Bandung (BRS) – PT Kereta Api Indonesia (Persero) Daerah Operasi (Daop) 2 Bandung mengecam aksi pengeroyokan terhadap petugas penjaga perlintasan sebidang (JPL) 227 Leuwigoong, Kabupaten Garut, yang terjadi saat korban tengah menjalankan tugas menjaga keselamatan perjalanan kereta api.
Peristiwa itu terjadi pada Minggu (12/7) sekitar pukul 14.00 WIB di perlintasan sebidang JPL 227 Leuwigoong KM 210+8, petak jalan Karangsari–Cibatu.
Saat itu, petugas telah menutup palang pintu sesuai prosedur karena KA Serayu akan melintas. Namun, seorang pengendara sepeda motor nekat menerobos perlintasan yang sudah tertutup.
Petugas kemudian memberikan teguran atas tindakan yang membahayakan keselamatan tersebut. Bukannya menerima teguran, pengendara itu justru kembali ke pos jaga bersama tiga orang lainnya dan melakukan pengeroyokan terhadap petugas sebelum melarikan diri.
Akibat kejadian tersebut, petugas mengalami luka lebam di bagian wajah serta luka gores pada tangan.
Manager Humasda KAI Daop 2 Bandung, Kuswardojo, menyesalkan tindakan kekerasan terhadap petugas yang sedang menjalankan tugas menjaga keselamatan perjalanan kereta api maupun pengguna jalan.
“Kami sangat menyayangkan sekaligus mengecam tindakan pengeroyokan terhadap petugas penjaga perlintasan yang sedang menjalankan tugas untuk menjaga keselamatan perjalanan kereta api maupun masyarakat pengguna jalan raya. Petugas telah menjalankan prosedur operasional sesuai ketentuan dengan menutup perlintasan sebelum kereta api melintas dan memberikan teguran kepada pengguna jalan yang melanggar aturan,” ucap Kuswardojo di Bandung, Senin (13/7/2026).
Menurut Kuswardojo, keberadaan petugas di perlintasan sebidang bukan untuk menghambat perjalanan pengguna jalan, melainkan memastikan keselamatan seluruh pihak. Karena itu, masyarakat diminta menghormati petugas dan mematuhi aturan saat melintasi perlintasan kereta api.

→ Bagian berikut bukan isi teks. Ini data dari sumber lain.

(* Let $c_{gap}(\ell)$ denote the spectral gap of the heat-bath Glauber dynamics for proper $k$-colorings of the complete tree of height $\ell$ with branching factor $b$, whose root is additionally adjacent to an external vertex with a fixed color. Then for every $\ell>0$ and $k\le b+2$, $c_{gap}(\ell)\le c_{gap}(\ell-1)$.
   Context: Spectral gap $c_{gap}=\inf_f\mathcal D(f)/\mathrm{Var}(f)$ over non-constant $f$, with Dirichlet form $\mathcal D(f)=\frac12\sum_{\sigma,\sigma'}(f(\sigma)-f(\sigma'))^2\pi(\sigma)P(\sigma,\sigma')$ and $\mathrm{Var}$ the variance under the stationary distribution $\pi$ (uniform on proper colorings consistent with the fixed external color). The heat-bath Glauber dynamics chooses a uniformly random (non-external) vertex and recolors it uniformly among colors not used by its neighbors. The tree of height $0$ is a single vertex adjacent to the external vertex. *)

theory Defs
  imports "HOL-Library.FuncSet" Complex_Main
begin

text \<open>Complete tree of height l with branching factor b: vertices are words over
  {0..<b} of length at most l; the root is the empty word, and the children of v
  are v @ [i] for i < b.\<close>
definition tree_verts :: "nat \<Rightarrow> nat \<Rightarrow> nat list set" where
  "tree_verts b l = {v. length v \<le> l \<and> (\<forall>i\<in>set v. i < b)}"

definition tree_adj :: "nat list \<Rightarrow> nat list \<Rightarrow> bool" where
  "tree_adj u v \<longleftrightarrow> (\<exists>i. v = u @ [i]) \<or> (\<exists>i. u = v @ [i])"

text \<open>Proper k-colorings of the tree, where the root is additionally adjacent to an
  external vertex of fixed color c (the external vertex is not part of the state).\<close>
definition colorings :: "nat \<Rightarrow> nat \<Rightarrow> nat \<Rightarrow> nat \<Rightarrow> (nat list \<Rightarrow> nat) set" where
  "colorings b l k c = {\<sigma> \<in> tree_verts b l \<rightarrow>\<^sub>E {..<k}.
     (\<forall>u\<in>tree_verts b l. \<forall>v\<in>tree_verts b l. tree_adj u v \<longrightarrow> \<sigma> u \<noteq> \<sigma> v) \<and> \<sigma> [] \<noteq> c}"

definition avail :: "nat \<Rightarrow> nat \<Rightarrow> nat \<Rightarrow> nat \<Rightarrow> (nat list \<Rightarrow> nat) \<Rightarrow> nat list \<Rightarrow> nat set" where
  "avail b l k c \<sigma> v = {a \<in> {..<k}. (\<forall>u\<in>tree_verts b l. tree_adj u v \<longrightarrow> \<sigma> u \<noteq> a)
                                    \<and> (v = [] \<longrightarrow> a \<noteq> c)}"

definition glauber :: "nat \<Rightarrow> nat \<Rightarrow> nat \<Rightarrow> nat \<Rightarrow> (nat list \<Rightarrow> nat) \<Rightarrow> (nat list \<Rightarrow> nat) \<Rightarrow> real" where
  "glauber b l k c \<sigma> \<tau> =
     (1 / real (card (tree_verts b l))) *
     (\<Sum>v\<in>tree_verts b l.
        if (\<forall>u\<in>tree_verts b l. u \<noteq> v \<longrightarrow> \<tau> u = \<sigma> u) \<and> \<tau> v \<in> avail b l k c \<sigma> v
        then 1 / real (card (avail b l k c \<sigma> v)) else 0)"

definition stat_pi :: "nat \<Rightarrow> nat \<Rightarrow> nat \<Rightarrow> nat \<Rightarrow> (nat list \<Rightarrow> nat) \<Rightarrow> real" where
  "stat_pi b l k c \<sigma> = (if \<sigma> \<in> colorings b l k c then 1 / real (card (colorings b l k c)) else 0)"

definition dirichlet :: "nat \<Rightarrow> nat \<Rightarrow> nat \<Rightarrow> nat \<Rightarrow> ((nat list \<Rightarrow> nat) \<Rightarrow> real) \<Rightarrow> real" where
  "dirichlet b l k c f = (1/2) * (\<Sum>\<sigma>\<in>colorings b l k c. \<Sum>\<tau>\<in>colorings b l k c.
      (f \<sigma> - f \<tau>)^2 * stat_pi b l k c \<sigma> * glauber b l k c \<sigma> \<tau>)"

definition variance_pi :: "nat \<Rightarrow> nat \<Rightarrow> nat \<Rightarrow> nat \<Rightarrow> ((nat list \<Rightarrow> nat) \<Rightarrow> real) \<Rightarrow> real" where
  "variance_pi b l k c f =
     (let m = (\<Sum>\<sigma>\<in>colorings b l k c. stat_pi b l k c \<sigma> * f \<sigma>)
      in (\<Sum>\<sigma>\<in>colorings b l k c. stat_pi b l k c \<sigma> * (f \<sigma> - m)^2))"

definition spectral_gap :: "nat \<Rightarrow> nat \<Rightarrow> nat \<Rightarrow> nat \<Rightarrow> real" where
  "spectral_gap b l k c = Inf {dirichlet b l k c f / variance_pi b l k c f | f.
      \<exists>\<sigma>\<in>colorings b l k c. \<exists>\<tau>\<in>colorings b l k c. f \<sigma> \<noteq> f \<tau>}"

end

theory Submission
  imports Defs
begin

text \<open>Extend a test function f on colorings of the tree of height m to height m + 1 by
  ignoring the leaves, g = f \<circ> restrict. Every coloring of the smaller tree has exactly
  (k - 1)^(number of new leaves) extensions, so g has the same mean and variance as f.
  The Dirichlet form splits into local energies, one per vertex v. For a leaf, that of g
  vanishes. For an old vertex it is at most twice the mean square distance of g to any
  function invariant under recoloring v; choosing the lifted local mean of f at v makes this
  exactly (k - 1)^(number of new leaves) times the local energy of f. Dividing by the larger
  number of vertices only helps, so every Rayleigh quotient at height m dominates one at
  height m + 1. If there is at most one coloring at height m, the same holds at height m + 1,
  and both gaps are the junk value Inf {}.\<close>

lemma finite_tree_verts: "finite (tree_verts b l)"
proof -
  have "tree_verts b l \<subseteq> {xs. set xs \<subseteq> {..<b} \<and> length xs \<le> l}"
    unfolding tree_verts_def by auto
  moreover have "finite {xs. set xs \<subseteq> {..<b} \<and> length xs \<le> l}"
    by (rule finite_lists_length_le) simp
  ultimately show ?thesis by (rule finite_subset)
qed

lemma Nil_in_tree_verts: "[] \<in> tree_verts b l"
  by (simp add: tree_verts_def)

lemma tree_verts_mono: "m \<le> l \<Longrightarrow> tree_verts b m \<subseteq> tree_verts b l"
  by (auto simp: tree_verts_def)

lemma tree_verts_Suc_diff:
  "tree_verts b (Suc m) - tree_verts b m = {w. length w = Suc m \<and> (\<forall>i\<in>set w. i < b)}"
  by (auto simp: tree_verts_def)

lemma tree_adj_sym: "tree_adj u v = tree_adj v u"
  by (auto simp: tree_adj_def)

lemma tree_adj_irrefl: "\<not> tree_adj u u"
  by (auto simp: tree_adj_def)

lemma tree_adj_length: "tree_adj u v \<Longrightarrow> length v = Suc (length u) \<or> length u = Suc (length v)"
  by (auto simp: tree_adj_def)

lemma finite_colorings: "finite (colorings b l k c)"
proof -
  have "colorings b l k c \<subseteq> tree_verts b l \<rightarrow>\<^sub>E {..<k}" by (auto simp: colorings_def)
  moreover have "finite (tree_verts b l \<rightarrow>\<^sub>E {..<k})" by (intro finite_PiE finite_tree_verts) auto
  ultimately show ?thesis by (rule finite_subset)
qed

lemma two_le_colors:
  assumes "\<sigma> \<in> colorings b l k c" and "c < k"
  shows "2 \<le> k"
proof -
  have "\<sigma> [] < k" "\<sigma> [] \<noteq> c" using assms(1) Nil_in_tree_verts[of b l] by (auto simp: colorings_def)
  then show ?thesis using assms(2) by linarith
qed

subsection \<open>Heat-bath update at a single site\<close>

locale heat_bath =
  fixes C :: "('v \<Rightarrow> 'c) set" and A :: "('v \<Rightarrow> 'c) \<Rightarrow> 'c set" and v :: 'v
  assumes finite_states: "finite C"
    and finite_allowed: "\<And>\<sigma>. \<sigma> \<in> C \<Longrightarrow> finite (A \<sigma>)"
    and current_allowed: "\<And>\<sigma>. \<sigma> \<in> C \<Longrightarrow> \<sigma> v \<in> A \<sigma>"
    and recolor_in_states: "\<And>\<sigma> a. \<sigma> \<in> C \<Longrightarrow> a \<in> A \<sigma> \<Longrightarrow> \<sigma>(v:=a) \<in> C"
    and allowed_recolor: "\<And>\<sigma> a. \<sigma> \<in> C \<Longrightarrow> a \<in> A \<sigma> \<Longrightarrow> A (\<sigma>(v:=a)) = A \<sigma>"
begin

lemma card_allowed_pos: "\<sigma> \<in> C \<Longrightarrow> card (A \<sigma>) > 0"
  using finite_allowed current_allowed card_gt_0_iff by blast

text \<open>The uniform distribution on C is invariant under the update: (\<sigma>, a) \<mapsto> (\<sigma>(v:=a), \<sigma> v)
  is an involution of the pairs (\<sigma>, a) with a \<in> A \<sigma>.\<close>
lemma sum_average_recolor:
  "(\<Sum>\<sigma>\<in>C. (\<Sum>a\<in>A \<sigma>. F (\<sigma>(v:=a))) / card (A \<sigma>)) = (\<Sum>\<sigma>\<in>C. (F \<sigma> :: real))"
proof -
  let ?P = "Sigma C A"
  let ?i = "\<lambda>(\<sigma>,a). (\<sigma>(v:=a), \<sigma> v)"
  have bij: "bij_betw ?i ?P ?P"
    by (rule bij_betw_byWitness[where f'="?i"])
      (use recolor_in_states allowed_recolor current_allowed in auto)
  have "(\<Sum>\<sigma>\<in>C. (\<Sum>a\<in>A \<sigma>. F (\<sigma>(v:=a))) / card (A \<sigma>))
       = (\<Sum>(\<sigma>,a)\<in>?P. F (\<sigma>(v:=a)) / card (A \<sigma>))"
    unfolding sum_divide_distrib by (rule sum.Sigma) (use finite_states finite_allowed in auto)
  also have "\<dots> = (\<Sum>p\<in>?P. (\<lambda>(\<sigma>,a). F \<sigma> / card (A \<sigma>)) (?i p))"
    by (rule sum.cong) (auto simp: allowed_recolor)
  also have "\<dots> = (\<Sum>(\<sigma>,a)\<in>?P. F \<sigma> / card (A \<sigma>))"
    by (rule sum.reindex_bij_betw[OF bij])
  also have "\<dots> = (\<Sum>\<sigma>\<in>C. (\<Sum>a\<in>A \<sigma>. F \<sigma> / card (A \<sigma>)))"
    by (rule sum.Sigma[symmetric]) (use finite_states finite_allowed in auto)
  also have "\<dots> = (\<Sum>\<sigma>\<in>C. F \<sigma>)"
    by (rule sum.cong) (use card_allowed_pos in auto)
  finally show ?thesis .
qed

definition local_mean :: "(('v \<Rightarrow> 'c) \<Rightarrow> real) \<Rightarrow> ('v \<Rightarrow> 'c) \<Rightarrow> real" where
  "local_mean g \<sigma> = (\<Sum>a\<in>A \<sigma>. g (\<sigma>(v:=a))) / card (A \<sigma>)"

definition local_energy :: "(('v \<Rightarrow> 'c) \<Rightarrow> real) \<Rightarrow> real" where
  "local_energy g = (\<Sum>\<sigma>\<in>C. (\<Sum>a\<in>A \<sigma>. (g \<sigma> - g (\<sigma>(v:=a)))^2) / card (A \<sigma>))"

lemma local_energy_nonneg: "0 \<le> local_energy g"
  unfolding local_energy_def by (intro sum_nonneg divide_nonneg_nonneg) auto

lemma local_mean_recolor: "\<sigma> \<in> C \<Longrightarrow> a \<in> A \<sigma> \<Longrightarrow> local_mean g (\<sigma>(v:=a)) = local_mean g \<sigma>"
  by (simp add: local_mean_def allowed_recolor)

lemma sum_diff_mult_local_mean:
  assumes \<phi>: "\<And>\<sigma> a. \<sigma> \<in> C \<Longrightarrow> a \<in> A \<sigma> \<Longrightarrow> \<phi> (\<sigma>(v:=a)) = \<phi> \<sigma>"
  shows "(\<Sum>\<sigma>\<in>C. (g \<sigma> - \<phi> \<sigma>) * (local_mean g \<sigma> - \<phi> \<sigma>)) = (\<Sum>\<sigma>\<in>C. (local_mean g \<sigma> - \<phi> \<sigma>)^2)"
proof -
  define \<psi> where "\<psi> \<sigma> = local_mean g \<sigma> - \<phi> \<sigma>" for \<sigma>
  have \<psi>: "\<psi> (\<sigma>(v:=a)) = \<psi> \<sigma>" if "\<sigma> \<in> C" "a \<in> A \<sigma>" for \<sigma> a
    using that \<phi> local_mean_recolor by (simp add: \<psi>_def)
  have "(\<Sum>\<sigma>\<in>C. local_mean g \<sigma> * \<psi> \<sigma>)
      = (\<Sum>\<sigma>\<in>C. (\<Sum>a\<in>A \<sigma>. g (\<sigma>(v:=a)) * \<psi> (\<sigma>(v:=a))) / card (A \<sigma>))"
    by (rule sum.cong) (auto simp: local_mean_def \<psi> sum_distrib_right)
  also have "\<dots> = (\<Sum>\<sigma>\<in>C. g \<sigma> * \<psi> \<sigma>)" by (rule sum_average_recolor)
  finally have "(\<Sum>\<sigma>\<in>C. local_mean g \<sigma> * \<psi> \<sigma>) = (\<Sum>\<sigma>\<in>C. g \<sigma> * \<psi> \<sigma>)" .
  then show ?thesis
    by (simp add: \<psi>_def power2_eq_square left_diff_distrib sum_subtractf)
qed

Ia mengingatkan, setiap pengguna jalan wajib berhenti ketika sinyal berbunyi, palang pintu mulai ditutup, atau terdapat tanda kereta api akan melintas. Menerobos perlintasan bukan hanya membahayakan diri sendiri, tetapi juga berpotensi mengancam keselamatan perjalanan kereta api dan pengguna jalan lainnya.
Saat ini, KAI Daop 2 Bandung telah berkoordinasi dengan kepolisian setempat untuk mengusut kasus tersebut dan memproses para pelaku sesuai ketentuan hukum yang berlaku.
Selain mendukung proses hukum, KAI juga memastikan memberikan pendampingan kepada petugas yang menjadi korban. Perusahaan berharap peristiwa serupa tidak kembali terjadi serta mengajak masyarakat menjadikan keselamatan sebagai prioritas utama saat beraktivitas di sekitar perlintasan sebidang.
“Kepatuhan terhadap aturan di perlintasan sebidang bukan hanya bentuk disiplin berlalu lintas, tetapi juga wujud kepedulian terhadap keselamatan bersama,” tutup Kuswardojo.